* Excerpted records
>>>

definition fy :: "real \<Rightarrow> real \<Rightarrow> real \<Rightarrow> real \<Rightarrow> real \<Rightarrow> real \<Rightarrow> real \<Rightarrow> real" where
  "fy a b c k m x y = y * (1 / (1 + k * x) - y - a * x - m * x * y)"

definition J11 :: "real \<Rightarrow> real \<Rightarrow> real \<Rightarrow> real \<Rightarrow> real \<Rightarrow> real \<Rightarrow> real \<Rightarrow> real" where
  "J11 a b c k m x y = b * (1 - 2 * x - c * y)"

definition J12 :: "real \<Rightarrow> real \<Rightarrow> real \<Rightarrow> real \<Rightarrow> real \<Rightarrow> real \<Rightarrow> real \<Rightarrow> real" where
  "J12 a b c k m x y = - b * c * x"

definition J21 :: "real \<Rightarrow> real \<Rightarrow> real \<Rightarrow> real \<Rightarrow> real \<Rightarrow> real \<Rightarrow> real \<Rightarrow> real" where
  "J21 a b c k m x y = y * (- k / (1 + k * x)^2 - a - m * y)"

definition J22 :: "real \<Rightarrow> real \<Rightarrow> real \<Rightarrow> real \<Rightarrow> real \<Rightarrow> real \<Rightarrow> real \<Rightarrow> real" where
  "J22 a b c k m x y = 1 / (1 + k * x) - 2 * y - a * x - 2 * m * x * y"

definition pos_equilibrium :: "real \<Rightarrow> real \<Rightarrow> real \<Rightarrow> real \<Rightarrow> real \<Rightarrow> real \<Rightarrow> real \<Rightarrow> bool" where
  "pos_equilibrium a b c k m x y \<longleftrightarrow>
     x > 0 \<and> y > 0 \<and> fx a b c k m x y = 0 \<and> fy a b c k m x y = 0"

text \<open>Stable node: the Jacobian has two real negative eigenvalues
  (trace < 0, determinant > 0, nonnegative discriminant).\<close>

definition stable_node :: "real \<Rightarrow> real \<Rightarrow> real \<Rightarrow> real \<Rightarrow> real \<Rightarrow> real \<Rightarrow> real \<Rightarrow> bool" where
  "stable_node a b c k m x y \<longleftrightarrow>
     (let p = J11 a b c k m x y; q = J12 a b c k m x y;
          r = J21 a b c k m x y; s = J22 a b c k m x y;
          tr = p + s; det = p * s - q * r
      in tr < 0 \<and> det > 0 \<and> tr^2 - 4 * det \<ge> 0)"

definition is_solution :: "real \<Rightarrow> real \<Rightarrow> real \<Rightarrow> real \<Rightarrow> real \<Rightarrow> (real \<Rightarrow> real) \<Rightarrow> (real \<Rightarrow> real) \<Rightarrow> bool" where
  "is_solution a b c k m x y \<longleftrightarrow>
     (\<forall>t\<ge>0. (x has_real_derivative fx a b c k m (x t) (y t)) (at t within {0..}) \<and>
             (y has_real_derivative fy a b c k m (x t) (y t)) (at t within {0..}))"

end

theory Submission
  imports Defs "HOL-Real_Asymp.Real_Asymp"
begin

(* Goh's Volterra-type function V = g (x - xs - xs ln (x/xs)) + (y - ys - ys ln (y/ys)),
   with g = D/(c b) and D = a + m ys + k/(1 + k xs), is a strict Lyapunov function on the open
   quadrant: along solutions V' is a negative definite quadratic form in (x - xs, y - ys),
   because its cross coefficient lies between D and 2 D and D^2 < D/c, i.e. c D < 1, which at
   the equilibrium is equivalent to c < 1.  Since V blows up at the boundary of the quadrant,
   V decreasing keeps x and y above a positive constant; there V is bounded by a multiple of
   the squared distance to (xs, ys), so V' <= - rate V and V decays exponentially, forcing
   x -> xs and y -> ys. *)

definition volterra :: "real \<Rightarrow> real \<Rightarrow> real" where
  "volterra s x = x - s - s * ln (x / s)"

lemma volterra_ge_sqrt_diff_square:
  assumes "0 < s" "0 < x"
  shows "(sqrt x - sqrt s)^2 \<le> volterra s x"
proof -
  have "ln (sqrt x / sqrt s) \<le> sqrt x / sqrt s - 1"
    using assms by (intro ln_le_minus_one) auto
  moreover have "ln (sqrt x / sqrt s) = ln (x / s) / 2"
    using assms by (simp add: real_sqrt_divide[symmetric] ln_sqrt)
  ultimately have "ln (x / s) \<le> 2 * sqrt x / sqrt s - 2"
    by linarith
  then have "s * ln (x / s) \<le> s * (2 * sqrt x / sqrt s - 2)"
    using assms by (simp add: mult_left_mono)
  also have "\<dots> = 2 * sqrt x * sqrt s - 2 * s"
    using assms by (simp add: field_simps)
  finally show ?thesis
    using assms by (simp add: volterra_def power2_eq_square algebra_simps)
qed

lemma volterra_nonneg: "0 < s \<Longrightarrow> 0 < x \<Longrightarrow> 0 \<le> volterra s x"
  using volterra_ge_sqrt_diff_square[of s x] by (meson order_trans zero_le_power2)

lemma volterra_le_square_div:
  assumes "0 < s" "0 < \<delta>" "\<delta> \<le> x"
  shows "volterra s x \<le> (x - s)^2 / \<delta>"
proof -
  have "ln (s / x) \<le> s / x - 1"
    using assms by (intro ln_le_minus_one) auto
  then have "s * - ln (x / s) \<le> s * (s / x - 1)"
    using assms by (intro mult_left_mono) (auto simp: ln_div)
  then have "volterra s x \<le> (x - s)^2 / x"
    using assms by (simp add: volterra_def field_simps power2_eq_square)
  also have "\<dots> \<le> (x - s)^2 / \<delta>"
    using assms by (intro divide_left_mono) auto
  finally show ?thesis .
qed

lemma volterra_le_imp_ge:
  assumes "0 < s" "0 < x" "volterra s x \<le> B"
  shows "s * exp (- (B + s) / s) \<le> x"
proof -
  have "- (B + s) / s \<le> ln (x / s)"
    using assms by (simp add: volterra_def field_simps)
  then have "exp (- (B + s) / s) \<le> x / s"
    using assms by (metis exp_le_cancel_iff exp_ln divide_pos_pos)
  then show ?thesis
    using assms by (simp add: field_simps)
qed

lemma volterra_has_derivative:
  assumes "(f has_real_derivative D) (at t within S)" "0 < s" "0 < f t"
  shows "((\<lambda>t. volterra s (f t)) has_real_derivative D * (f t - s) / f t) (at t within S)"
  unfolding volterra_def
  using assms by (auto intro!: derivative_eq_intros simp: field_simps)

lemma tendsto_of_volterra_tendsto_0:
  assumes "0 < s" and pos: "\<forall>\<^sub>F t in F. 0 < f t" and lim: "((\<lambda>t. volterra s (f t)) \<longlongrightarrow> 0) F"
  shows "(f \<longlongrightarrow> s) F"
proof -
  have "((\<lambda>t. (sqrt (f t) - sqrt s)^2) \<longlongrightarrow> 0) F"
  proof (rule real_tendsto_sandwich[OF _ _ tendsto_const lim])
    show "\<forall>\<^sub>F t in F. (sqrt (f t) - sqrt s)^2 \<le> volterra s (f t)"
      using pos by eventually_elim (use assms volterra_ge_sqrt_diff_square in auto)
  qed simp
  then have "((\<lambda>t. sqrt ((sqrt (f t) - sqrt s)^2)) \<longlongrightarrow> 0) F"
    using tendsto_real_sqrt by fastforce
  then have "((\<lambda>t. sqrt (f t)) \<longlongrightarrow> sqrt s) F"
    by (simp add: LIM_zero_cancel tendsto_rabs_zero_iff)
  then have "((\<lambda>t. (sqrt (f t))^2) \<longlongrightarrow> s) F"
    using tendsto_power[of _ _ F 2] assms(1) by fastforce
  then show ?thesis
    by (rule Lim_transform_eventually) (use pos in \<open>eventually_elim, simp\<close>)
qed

<<<
>>>

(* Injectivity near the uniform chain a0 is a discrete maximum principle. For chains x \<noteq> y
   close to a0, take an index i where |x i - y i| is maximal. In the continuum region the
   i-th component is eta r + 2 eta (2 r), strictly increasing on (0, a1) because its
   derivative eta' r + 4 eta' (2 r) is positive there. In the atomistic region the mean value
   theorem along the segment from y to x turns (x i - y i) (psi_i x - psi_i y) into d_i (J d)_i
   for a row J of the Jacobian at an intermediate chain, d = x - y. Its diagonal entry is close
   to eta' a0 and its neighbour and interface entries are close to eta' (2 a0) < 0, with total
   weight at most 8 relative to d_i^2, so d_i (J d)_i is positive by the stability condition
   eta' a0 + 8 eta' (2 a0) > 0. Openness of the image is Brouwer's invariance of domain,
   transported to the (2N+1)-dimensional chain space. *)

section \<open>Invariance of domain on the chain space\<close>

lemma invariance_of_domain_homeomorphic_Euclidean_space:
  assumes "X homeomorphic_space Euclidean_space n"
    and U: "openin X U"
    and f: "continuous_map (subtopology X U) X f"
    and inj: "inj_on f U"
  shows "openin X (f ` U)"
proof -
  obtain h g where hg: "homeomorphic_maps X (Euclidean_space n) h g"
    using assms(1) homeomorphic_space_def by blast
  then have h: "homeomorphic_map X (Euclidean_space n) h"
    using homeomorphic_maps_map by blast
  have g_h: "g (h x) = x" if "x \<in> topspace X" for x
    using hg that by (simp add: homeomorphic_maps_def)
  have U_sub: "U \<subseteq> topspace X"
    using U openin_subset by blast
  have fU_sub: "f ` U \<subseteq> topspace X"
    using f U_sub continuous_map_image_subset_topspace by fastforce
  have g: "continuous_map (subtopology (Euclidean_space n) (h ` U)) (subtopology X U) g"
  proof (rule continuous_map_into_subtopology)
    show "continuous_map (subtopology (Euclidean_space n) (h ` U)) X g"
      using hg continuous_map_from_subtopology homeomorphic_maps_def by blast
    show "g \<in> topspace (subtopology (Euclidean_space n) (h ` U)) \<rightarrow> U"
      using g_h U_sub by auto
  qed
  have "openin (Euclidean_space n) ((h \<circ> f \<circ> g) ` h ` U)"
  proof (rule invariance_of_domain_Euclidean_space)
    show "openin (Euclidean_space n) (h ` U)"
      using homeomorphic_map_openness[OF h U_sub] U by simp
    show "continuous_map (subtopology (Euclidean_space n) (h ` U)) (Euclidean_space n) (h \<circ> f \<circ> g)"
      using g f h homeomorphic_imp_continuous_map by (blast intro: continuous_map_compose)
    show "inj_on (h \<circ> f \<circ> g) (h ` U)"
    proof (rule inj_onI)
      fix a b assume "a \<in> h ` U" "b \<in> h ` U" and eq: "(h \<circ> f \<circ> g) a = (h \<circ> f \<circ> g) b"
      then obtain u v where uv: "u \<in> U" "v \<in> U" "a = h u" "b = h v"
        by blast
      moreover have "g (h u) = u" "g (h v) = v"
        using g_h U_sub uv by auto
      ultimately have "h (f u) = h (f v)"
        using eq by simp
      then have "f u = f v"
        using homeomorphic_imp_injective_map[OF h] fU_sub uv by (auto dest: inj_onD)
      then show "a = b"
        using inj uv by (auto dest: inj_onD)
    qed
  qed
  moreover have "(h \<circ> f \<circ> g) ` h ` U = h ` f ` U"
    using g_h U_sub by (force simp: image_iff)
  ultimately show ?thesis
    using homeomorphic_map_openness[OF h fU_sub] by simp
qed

<<<

* Exercise aim
Copy out every line of the entries where the string "Jacobian" shows up.

* Result
text \<open>Stable node: the Jacobian has two real negative eigenvalues
   for a row J of the Jacobian at an intermediate chain, d = x - y. Its diagonal entry is close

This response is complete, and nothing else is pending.